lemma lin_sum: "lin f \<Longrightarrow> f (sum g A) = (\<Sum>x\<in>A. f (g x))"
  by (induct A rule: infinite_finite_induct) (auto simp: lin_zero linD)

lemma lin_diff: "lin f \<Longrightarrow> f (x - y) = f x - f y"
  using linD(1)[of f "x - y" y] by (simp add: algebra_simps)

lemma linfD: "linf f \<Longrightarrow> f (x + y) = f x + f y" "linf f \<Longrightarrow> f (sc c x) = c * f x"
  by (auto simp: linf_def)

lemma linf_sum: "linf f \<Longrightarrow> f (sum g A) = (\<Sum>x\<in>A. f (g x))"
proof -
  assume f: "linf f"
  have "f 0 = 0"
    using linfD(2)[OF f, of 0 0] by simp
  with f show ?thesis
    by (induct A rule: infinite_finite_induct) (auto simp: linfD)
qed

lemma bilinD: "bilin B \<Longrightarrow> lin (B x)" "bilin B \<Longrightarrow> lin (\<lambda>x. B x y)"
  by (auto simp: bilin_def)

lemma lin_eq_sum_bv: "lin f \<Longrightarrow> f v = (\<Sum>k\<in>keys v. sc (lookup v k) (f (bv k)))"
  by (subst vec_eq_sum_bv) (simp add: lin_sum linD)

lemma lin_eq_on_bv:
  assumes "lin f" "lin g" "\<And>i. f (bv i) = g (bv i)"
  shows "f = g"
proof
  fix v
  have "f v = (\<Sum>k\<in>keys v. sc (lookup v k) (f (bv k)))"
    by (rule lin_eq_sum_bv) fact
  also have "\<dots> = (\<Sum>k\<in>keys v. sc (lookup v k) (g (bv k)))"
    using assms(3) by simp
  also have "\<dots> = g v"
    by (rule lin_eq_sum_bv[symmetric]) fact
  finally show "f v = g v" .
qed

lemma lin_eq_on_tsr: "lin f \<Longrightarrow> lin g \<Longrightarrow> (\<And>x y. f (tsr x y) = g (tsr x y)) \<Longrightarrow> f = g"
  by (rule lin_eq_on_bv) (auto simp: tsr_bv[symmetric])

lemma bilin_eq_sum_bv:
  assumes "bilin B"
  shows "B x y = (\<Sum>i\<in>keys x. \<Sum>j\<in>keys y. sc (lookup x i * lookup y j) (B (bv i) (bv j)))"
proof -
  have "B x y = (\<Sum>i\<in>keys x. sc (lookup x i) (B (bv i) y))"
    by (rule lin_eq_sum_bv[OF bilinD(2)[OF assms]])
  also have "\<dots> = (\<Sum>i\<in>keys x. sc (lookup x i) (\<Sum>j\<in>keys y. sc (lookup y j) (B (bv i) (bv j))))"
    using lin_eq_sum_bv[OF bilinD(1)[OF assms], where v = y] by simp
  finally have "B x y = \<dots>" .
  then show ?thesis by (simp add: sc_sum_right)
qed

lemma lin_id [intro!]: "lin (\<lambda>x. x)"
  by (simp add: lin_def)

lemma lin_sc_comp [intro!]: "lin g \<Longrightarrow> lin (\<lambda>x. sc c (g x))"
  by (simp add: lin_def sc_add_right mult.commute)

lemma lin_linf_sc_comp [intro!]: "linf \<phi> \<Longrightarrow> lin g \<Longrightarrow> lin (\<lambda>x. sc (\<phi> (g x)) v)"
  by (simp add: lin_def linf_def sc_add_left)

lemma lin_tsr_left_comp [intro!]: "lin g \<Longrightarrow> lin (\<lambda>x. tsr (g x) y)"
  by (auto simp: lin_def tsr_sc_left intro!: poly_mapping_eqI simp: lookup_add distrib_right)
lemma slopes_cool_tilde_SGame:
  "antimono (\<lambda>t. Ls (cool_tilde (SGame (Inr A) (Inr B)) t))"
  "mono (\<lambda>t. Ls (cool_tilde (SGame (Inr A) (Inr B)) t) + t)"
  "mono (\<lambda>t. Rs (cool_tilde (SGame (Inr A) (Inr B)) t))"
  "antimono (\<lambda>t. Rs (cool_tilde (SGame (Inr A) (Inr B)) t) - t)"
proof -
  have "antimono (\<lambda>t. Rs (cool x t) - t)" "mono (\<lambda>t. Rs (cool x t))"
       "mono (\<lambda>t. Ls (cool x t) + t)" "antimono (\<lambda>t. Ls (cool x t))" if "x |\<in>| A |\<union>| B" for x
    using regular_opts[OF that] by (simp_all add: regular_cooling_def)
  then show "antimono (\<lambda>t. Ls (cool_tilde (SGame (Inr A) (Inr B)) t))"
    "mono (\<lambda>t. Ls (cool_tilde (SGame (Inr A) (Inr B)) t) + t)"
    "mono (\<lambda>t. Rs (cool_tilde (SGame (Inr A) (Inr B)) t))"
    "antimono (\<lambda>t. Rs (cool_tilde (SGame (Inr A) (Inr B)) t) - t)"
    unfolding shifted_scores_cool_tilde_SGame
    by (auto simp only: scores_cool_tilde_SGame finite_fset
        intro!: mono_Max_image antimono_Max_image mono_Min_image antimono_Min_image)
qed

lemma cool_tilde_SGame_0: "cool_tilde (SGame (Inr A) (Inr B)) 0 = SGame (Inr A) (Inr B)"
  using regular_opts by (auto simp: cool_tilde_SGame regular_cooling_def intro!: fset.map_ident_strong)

· · · ·

EXERCISE DIRECTIONS:
Please copy every line in the entries where "thesis" appears.

SOLUTION FOR THIS TASK:
  with f show ?thesis
  then show ?thesis by (simp add: sc_sum_right)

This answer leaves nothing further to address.